NL3I went back to Nusa Lembongan, a very small and desirable Indonesian island, where we run our retreats. I expected coconut trees, fighting cocks, turquoise waters, the odd cocktail, and yes, a bit of local culture. I did not expect to be attending a funeral.

And yet, there was my man, looking uncomfortable in the required traditional sarong outifit, attempting to stride (with skirt restrictions!) down into the fray of the most festive funeral I have ever attended. Street sellers had their rickety trolleys loaded with food. Every single person from Lembongan attended. The entire village shut down for a week. We could not even rent a motorbike (gasp!).

I did not know the decreased guy and he was not famous, but evidently death is viewed as a normal, although significant, phase of life in this culture, one that should be kindly attended to. All hands on deck please! Boatloads of mourners arrived from the mainland as the big day of the ceremony drew closer, and as many as 10 people were to be cremated that week, along with the most recently deceased man.

The ceremonial drums were beaten loudly throughout the tropical nights of the celebrations. As I paddled out across the ocean in the beautiful breaking dawn light, I could hear the drums and smell the cremation smoke, both wafting across the ocean from the shore. The smoke lasted for days after the event. When I commented on this, local people would cheerfully agree that the smoke tended to linger for quite awhile. The smell of death…and no-one wanted to sanitise it?

I contrasted this to our often compartmentalized experience of death at home, where people take an hour off work to check in at a funeral; widows are given one day of ‘compassionate leave’ by the government.
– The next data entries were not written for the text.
lemma qdeg_nonzero_nat:
  assumes "p \<in> H1X" "p \<noteq> (\<lambda>_. qzero)"
  shows "\<exists>n. qdeg p = ereal (real n)"
proof -
  obtain d where "polyfun d (qnorm2_fun p)"
    using H1X_quat_polyfun[OF assms(1)] polyfun_qnorm2_fun by blast
  moreover have "qnorm2_fun p x \<ge> 0" for x
    by (simp add: qnorm2_fun_def qnorm2_def)
  ultimately obtain n where "polyfun_degree (qnorm2_fun p) = 2 * n"
    using even_polyfun_degree_nonneg by blast
  with assms(2) show ?thesis by (simp add: qdeg_eq_polyfun_degree)
qed

lemma qdeg_qmul:
  assumes "p \<in> H1X" "q \<in> H1X"
  shows "qdeg (\<lambda>x. qmul (p x) (q x)) = qdeg p + qdeg q"
proof (cases "p = (\<lambda>_. qzero) \<or> q = (\<lambda>_. qzero)")
  case True
  then have "(\<lambda>x. qmul (p x) (q x)) = (\<lambda>_. qzero)" by (auto simp: qmul_def qzero_def)
  moreover have "qdeg p \<noteq> \<infinity>" "qdeg q \<noteq> \<infinity>" by (simp_all add: qdeg_eq_polyfun_degree)
  ultimately show ?thesis using True by (auto simp: qdeg_eq_polyfun_degree)
next
  case False
  obtain d e where d: "polyfun d (qnorm2_fun p)" and e: "polyfun e (qnorm2_fun q)"
    using H1X_quat_polyfun assms polyfun_qnorm2_fun by metis
  have nz: "qnorm2_fun p \<noteq> (\<lambda>_. 0)" "qnorm2_fun q \<noteq> (\<lambda>_. 0)"
    using False by (simp_all add: qnorm2_fun_eq_0_iff)
  have prod: "qnorm2_fun (\<lambda>x. qmul (p x) (q x)) = (\<lambda>x. qnorm2_fun p x * qnorm2_fun q x)"
    by (simp add: fun_eq_iff qnorm2_fun_def qnorm2_qmul)
  then have "(\<lambda>x. qmul (p x) (q x)) \<noteq> (\<lambda>_. qzero)"
    using polyfun_mult_nonzero[OF d e nz] by (simp flip: qnorm2_fun_eq_0_iff)
  with False show ?thesis
    by (simp add: qdeg_eq_polyfun_degree prod polyfun_degree_mult[OF d e nz] add_divide_distrib)
qed
lemma auction_weight_le_connecting:
  assumes "auction_run R T w P" "finite T" "R \<inter> T = {}" "finite F"
    and "\<And>e. e \<in> F \<Longrightarrow> e \<subseteq> R \<union> T \<and> 0 \<le> w e"
    and "\<And>t. t \<in> T \<Longrightarrow> \<exists>r\<in>R. (t, r) \<in> (edge_rel F)\<^sup>*"
  shows "sum_list (map w (wedges P)) \<le> sum w F"
  using assms
proof (induction P arbitrary: R T F)
  case Nil
  then show ?case by (simp add: wedges_def sum_nonneg)
next
  case (Cons p P)
  obtain s t where p: "p = (s, t)" by force
  with Cons.prems(1) have "auction_run R T w ((s, t) # P)"
    by simp
  then have t: "t \<in> T"
    and min: "\<forall>s'\<in>R. \<forall>t'\<in>T. w {s, t} \<le> w {s', t'}"
    and run: "auction_run (insert t R) (T - {t}) w P"
    unfolding auction_run_Cons[OF Cons.prems(2)] by blast+
  with Cons.prems(3) have tR: "t \<notin> R"
    by blast
  \<comment> \<open>Exchange argument: a path in F from t to a robot enters R along an edge {y, z} whose
    task y was a candidate of this round; dropping {y, z} keeps every task connected to R \<union> {t}.\<close>
  obtain r where "r \<in> R" "(t, r) \<in> (edge_rel F)\<^sup>*"
    using Cons.prems(6) t by blast
  with tR obtain y z where path: "(t, y) \<in> (Restr (edge_rel F) (-R))\<^sup>*"
    and yz: "{y, z} \<in> F" "y \<notin> R" "z \<in> R"
    using rtrancl_first_entry[of t r "edge_rel F" R] by (auto simp: edge_rel_def)
  have "y \<in> T"
    using yz Cons.prems(5) by blast
  with min yz(3) have "w {s, t} \<le> w {z, y}"
    by blast
  then have le: "w {s, t} \<le> w {y, z}"
    by (simp add: insert_commute)
  have "Restr (edge_rel F) (-R) \<subseteq> edge_rel (F - {{y, z}})"
    using yz(3) by (auto simp: edge_rel_def doubleton_eq_iff)
  then have "(t, y) \<in> (edge_rel (F - {{y, z}}))\<^sup>*"
    using path by (rule rtrancl_mono[THEN subsetD])
  then have yt: "(y, t) \<in> (edge_rel (F - {{y, z}}))\<^sup>*"
    by (rule symD[OF sym_rtrancl[OF sym_edge_rel]])
  have "sum_list (map w (wedges P)) \<le> sum w (F - {{y, z}})"
  proof (rule Cons.IH[OF run])
    fix t' assume "t' \<in> T - {t}"
    then obtain r0 where "r0 \<in> R" "(t', r0) \<in> (edge_rel F)\<^sup>*"
      using Cons.prems(6) by blast
    then show "\<exists>r'\<in>insert t R. (t', r') \<in> (edge_rel (F - {{y, z}}))\<^sup>*"
      using edge_rel_reach_after_removal[OF _ _ yz(3) yt] by blast
  qed (use Cons.prems(2-5) t in auto)
  moreover have "sum w F = w {y, z} + sum w (F - {{y, z}})"
    using Cons.prems(4) yz(1) by (simp add: sum.remove)
  ultimately show ?case
    using le p by (simp add: wedges_def)
qed
lemma monomial_times_prod_in_monomial_span:
  fixes c :: "nat \<Rightarrow> real"
  assumes W: "W \<subseteq> {1..n}" and T: "T \<subseteq> {1..n}"
  shows "(\<lambda>X. monomial_on D T X * (\<Prod>l<j. real (card (X \<inter> W)) - c l))
      - (\<lambda>X. (\<Prod>l<j. real (card (T \<inter> W)) - c l) * monomial_on D T X)
    \<in> monomial_span D n (Suc (card T)) (card T + j)"
proof (induction j)
  case 0
  show ?case
    using real_fun.span_zero by (simp add: zero_fun_def fun_diff_def)
next
  case (Suc j)
  let ?m = "monomial_on D T"
  let ?P = "\<Prod>l<j. real (card (T \<inter> W)) - c l"
  define h where "h = (\<lambda>X. ?m X * (\<Prod>l<j. real (card (X \<inter> W)) - c l)) - (\<lambda>X. ?P * ?m X)"
  have fin: "finite W" "finite T"
    using W T by (auto intro: finite_subset)
  have shift: "(\<lambda>X. real (card (X \<inter> W)) * ?m X) - (\<lambda>X. real (card (T \<inter> W)) * ?m X)
      = (\<Sum>i\<in>W - T. monomial_on D (insert i T))"
    using card_inter_times_monomial[OF fin, of D] by (simp add: algebra_simps)
  have h: "h \<in> monomial_span D n (Suc (card T)) (card T + j)"
    unfolding h_def by (rule Suc.IH)
  have "(\<lambda>X. ?m X * (\<Prod>l<Suc j. real (card (X \<inter> W)) - c l))
      - (\<lambda>X. (\<Prod>l<Suc j. real (card (T \<inter> W)) - c l) * ?m X)
    = ((\<lambda>X. real (card (X \<inter> W)) * h X) - (\<lambda>X. c j * h X))
      + (\<lambda>X. ?P * (\<Sum>i\<in>W - T. monomial_on D (insert i T)) X)"
    unfolding shift[symmetric] by (simp add: h_def fun_eq_iff algebra_simps)
  also have "\<dots> \<in> monomial_span D n (Suc (card T)) (card T + Suc j)"
  proof (intro real_fun.span_add real_fun.span_diff)
    show "(\<lambda>X. real (card (X \<inter> W)) * h X) \<in> monomial_span D n (Suc (card T)) (card T + Suc j)"
      using card_inter_times_in_monomial_span[OF W h] by simp
    show "(\<lambda>X. c j * h X) \<in> monomial_span D n (Suc (card T)) (card T + Suc j)"
      by (rule subsetD[OF monomial_span_mono real_fun.span_scale[OF h]]) auto
    have sum: "(\<Sum>i\<in>W - T. monomial_on D (insert i T)) \<in> monomial_span D n (Suc (card T)) (Suc (card T))"
      using W T fin by (intro real_fun.span_sum monomial_in_monomial_span) auto
    show "(\<lambda>X. ?P * (\<Sum>i\<in>W - T. monomial_on D (insert i T)) X)
        \<in> monomial_span D n (Suc (card T)) (card T + Suc j)"
      by (rule subsetD[OF monomial_span_mono real_fun.span_scale[OF sum]]) auto
  qed
  finally show ?case .
qed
It seems to indicate that death should all be neatly done and dusted and our normal lives seamlessly resumed as quickly as possible. Patients of mine often comment about how quickly the flood of flowers and home cooked meals drop away.

It makes me feel angry because it seems to imply that grief that lasts for more than a few days is somehow abnormal: and it’s not! If we lose someone we love, we will naturally feel a painful gaping hole. As a clinical psychologist, I know that grieving people do not routinely need therapy: because grief is not a pathological condition! It is not something that needs ‘fixing’, getting rid of, controlling and least of all suppressing. What grieving people need is permission to feel how they feel without ‘faking good’.

I will never forget an elderly man who came to me as a patient. When I asked him why he had presented for therapy, he said that his kids had sent him because he was ‘still’ sad about the death of his wife. He had been married for 56 years. She had died three months previously. Just how emotion-phobic is our society getting? Discovering that he was indeed quite normal was all the treatment he required, and he got on with embracing his healthy bundle of mixed feelings about the loss of his wife.

I saw a lot of laughing and crying and solemnness and yes, even hilarity at the Lembongan funeral. All of these emotions tend to be real and present when someone dies. In my experience, Australian funerals are often above all awkward affairs where people showing high levels of emotion of any kind are uneasily ignored or even borne off somewhere out of sight to ‘settle down’. People who can act falsely or coldly are rewarded as ‘strong’.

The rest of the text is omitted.